Les Phéniciens, ces grands navigateurs

Partis de cités-Etats sur la côte libanaise, ils ont essaimé dans tout le monde antique, fondé un empire qui a fait trembler Rome, et auraient même bouclé le premier tour des côtes de l'Afrique. Retour sur un peuple fascinant, à qui nous devons beaucoup plus que nous ne le pensons.

Un navire phénicien gravé sur la face d'un sarcophage, au 2e siècle avant JC -
 
Elie Plus/CC

Leurs villes étaient situées sur ce qui est aujourd'hui le littoral du Liban et de la Syrie.

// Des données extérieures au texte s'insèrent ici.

(* Assume (A1) and (A2). For each $k$, let $v^{(k)}$ denote the minimizer of $\min_{v\in\mathbb{R}^n}\{J(x^{(k)}-t_kv)+t_kH^*(v)\}$ (equivalently of $\min_{v\in\mathrm{int}\,\mathrm{dom}\,H^*}\{t_kD_{H^*}(x^{(k)}/t_k,v)+J^*(\nabla H^*(v))\}$). Then there is $N\in\mathbb{N}$ such that for all $k\ge N$ this minimizer exists and is unique (and the two problems have the same minimizer), and $\lim_{k\to\infty}v^{(k)}=v^{(0)}$.
   Context: $\Gamma_0(\mathbb{R}^n)$ denotes the set of proper, convex, lower semicontinuous functions $\mathbb{R}^n\to\mathbb{R}\cup\{+\infty\}$; $f^*$ is the Legendre–Fenchel transform. A function $g$ is 1-coercive if $g(x)/\|x\|\to+\infty$ as $\|x\|\to\infty$. A function $f\in\Gamma_0(\mathbb{R}^n)$ is Legendre if: $\mathrm{int}\,\mathrm{dom}\,f\neq\emptyset$; $f$ is differentiable on $\mathrm{int}\,\mathrm{dom}\,f$; $\partial f(x)=\emptyset$ for $x\in\mathrm{dom}\,f\setminus\mathrm{int}\,\mathrm{dom}\,f$ and $\partial f(x)=\{\nabla f(x)\}$ on $\mathrm{int}\,\mathrm{dom}\,f$; and $f$ is strictly convex on $\mathrm{int}\,\mathrm{dom}\,f$. $D_f(x,u)=f(x)-f(u)-\langle\nabla f(u),x-u\rangle$. Assumption (A1): $J,H\in\Gamma_0(\mathbb{R}^n)$, $J$ is 1-coercive, and $H$ is a Legendre function. Assumption (A2): $v^{(0)}\in\mathrm{int}\,\mathrm{dom}\,H^*$; $(t_k)$ is a sequence of positive numbers with $t_k\to+\infty$; $(x^{(k)})\subset\mathbb{R}^n$ with $x^{(k)}/t_k\to v^{(0)}$; $x^{(k)}-t_kv^{(0)}\in\mathrm{dom}\,J$ for all $k$; and the sequence $J(x^{(k)}-t_kv^{(0)})/t_k$ is bounded from above. *)

theory Defs
  imports "HOL-Analysis.Analysis"
begin

text \<open>Extended-real-valued functions on a Euclidean space 'a (standing for R^n).
  The value +infinity is PInfty.\<close>

definition edom :: "('a \<Rightarrow> ereal) \<Rightarrow> 'a set" where
  "edom f = {x. f x < \<infinity>}"

definition proper_fun :: "('a \<Rightarrow> ereal) \<Rightarrow> bool" where
  "proper_fun f \<longleftrightarrow> edom f \<noteq> {} \<and> (\<forall>x. f x \<noteq> -\<infinity>)"

definition epigraph :: "('a \<Rightarrow> ereal) \<Rightarrow> ('a \<times> real) set" where
  "epigraph f = {(x, r). f x \<le> ereal r}"

definition convex_fun :: "('a::real_vector \<Rightarrow> ereal) \<Rightarrow> bool" where
  "convex_fun f \<longleftrightarrow> convex (epigraph f)"

definition lsc_fun :: "('a::topological_space \<Rightarrow> ereal) \<Rightarrow> bool" where
  "lsc_fun f \<longleftrightarrow> (\<forall>x. f x \<le> Liminf (at x) f)"

definition Gamma0 :: "('a::real_normed_vector \<Rightarrow> ereal) \<Rightarrow> bool" where
  "Gamma0 f \<longleftrightarrow> proper_fun f \<and> convex_fun f \<and> lsc_fun f"

definition fenchel_conj :: "('a::real_inner \<Rightarrow> ereal) \<Rightarrow> 'a \<Rightarrow> ereal" where
  "fenchel_conj f y = (SUP x. ereal (inner x y) - f x)"

definition one_coercive :: "('a::real_normed_vector \<Rightarrow> ereal) \<Rightarrow> bool" where
  "one_coercive g \<longleftrightarrow> ((\<lambda>x. g x / ereal (norm x)) \<longlongrightarrow> \<infinity>) at_infinity"

definition subdiff :: "('a::real_inner \<Rightarrow> ereal) \<Rightarrow> 'a \<Rightarrow> 'a set" where
  "subdiff f x = {g. x \<in> edom f \<and> (\<forall>y. f x + ereal (inner g (y - x)) \<le> f y)}"

text \<open>Differentiability and gradient of f at a point, f viewed as a real function
  (relevant on the interior of the domain, where f is finite).\<close>
definition differentiable_efun :: "('a::real_inner \<Rightarrow> ereal) \<Rightarrow> 'a \<Rightarrow> bool" where
  "differentiable_efun f x \<longleftrightarrow> (\<exists>D. GDERIV (\<lambda>y. real_of_ereal (f y)) x :> D)"

definition egrad :: "('a::real_inner \<Rightarrow> ereal) \<Rightarrow> 'a \<Rightarrow> 'a" where
  "egrad f x = (THE D. GDERIV (\<lambda>y. real_of_ereal (f y)) x :> D)"

definition strictly_convex_on_set :: "'a::real_vector set \<Rightarrow> ('a \<Rightarrow> ereal) \<Rightarrow> bool" where
  "strictly_convex_on_set S f \<longleftrightarrow>
     (\<forall>x\<in>S. \<forall>y\<in>S. \<forall>t. x \<noteq> y \<longrightarrow> 0 < t \<longrightarrow> t < 1 \<longrightarrow>
        f ((1 - t) *\<^sub>R x + t *\<^sub>R y) < ereal (1 - t) * f x + ereal t * f y)"

definition legendre :: "('a::euclidean_space \<Rightarrow> ereal) \<Rightarrow> bool" where
  "legendre f \<longleftrightarrow> Gamma0 f \<and>
     interior (edom f) \<noteq> {} \<and>
     (\<forall>x\<in>interior (edom f). differentiable_efun f x) \<and>
     (\<forall>x\<in>edom f - interior (edom f). subdiff f x = {}) \<and>
     (\<forall>x\<in>interior (edom f). subdiff f x = {egrad f x}) \<and>
     strictly_convex_on_set (interior (edom f)) f"

definition bregman :: "('a::real_inner \<Rightarrow> ereal) \<Rightarrow> 'a \<Rightarrow> 'a \<Rightarrow> ereal" where
  "bregman f x u = f x - f u - ereal (inner (egrad f u) (x - u))"

end

theory Submission
  imports Defs
begin

(* The objective J (x - t v) + t H*(v) is lower semicontinuous and coercive (J grows
  superlinearly, H* has an affine minorant), so minimisers v_k exist. Comparing their value
  with the value at v0 bounds J (t_k e_k) / t_k linearly in |e_k| for e_k = x_k / t_k - v_k;
  1-coercivity of J then forces e_k -> 0, i.e. v_k -> v0.
  Because H is Legendre, for w in the open set int dom H* the supremum defining H*(w) is
  attained at a unique point (strict convexity of H), which depends continuously on w and is
  the gradient of H* at w. Once v_k lies in int dom H*, the optimality condition
  grad H*(v_k) \<in> \<partial>J(x_k - t_k v_k) and the strict convexity of H* near v_k make v_k the
  unique minimiser, and the Fenchel-Young inequality shows that v_k also uniquely minimises the
  Bregman formulation. *)

section \<open>Lower semicontinuity\<close>

lemma lsc_fun_iff_nhds:
  "lsc_fun f \<longleftrightarrow> (\<forall>y (c::real). ereal c < f y \<longrightarrow> eventually (\<lambda>z. ereal c < f z) (nhds y))"
proof
  assume lsc: "lsc_fun f"
  show "\<forall>y (c::real). ereal c < f y \<longrightarrow> eventually (\<lambda>z. ereal c < f z) (nhds y)"
  proof (intro allI impI)
    fix y c assume c: "ereal c < f y"
    have "f y \<le> Liminf (at y) f" using lsc unfolding lsc_fun_def by blast
    hence "eventually (\<lambda>z. ereal c < f z) (at y)" using c le_Liminf_iff by blast
    with c show "eventually (\<lambda>z. ereal c < f z) (nhds y)" by (simp add: eventually_nhds_conv_at)
  qed
next
  assume nhds: "\<forall>y (c::real). ereal c < f y \<longrightarrow> eventually (\<lambda>z. ereal c < f z) (nhds y)"
  show "lsc_fun f"
    unfolding lsc_fun_def le_Liminf_iff
  proof (intro allI impI)
    fix y and e :: ereal assume "e < f y"
    then obtain c where c: "e < ereal c" "ereal c < f y" using ereal_dense2 by blast
    have "eventually (\<lambda>z. ereal c < f z) (at y)"
      using nhds c(2) by (simp add: eventually_nhds_conv_at)
    thus "eventually (\<lambda>z. e < f z) (at y)" by eventually_elim (use c(1) in auto)
  qed
qed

Certaines, comme Tyr et Sidon, existent encore. D'autres ont disparu, comme l'une des plus puissantes d'entre elles, Ougarit, rasée par des envahisseurs au XIIe siècle avant notre ère. Et ce peuple de marchands et de navigateurs a laissé des traces indélébiles dans notre histoire.

Leur nom, "phénicien", viendrait peut-être du grec "phoinix", la "pourpre" tirée du murex, dont ils étaient de grands exportateurs dans tout le monde antique. Mais il pourrait également s'agir d'une déformation grecque du mot égyptien "fenkhu", définissant les "Asiatiques", les habitants du Proche-Orient pour l'Egypte.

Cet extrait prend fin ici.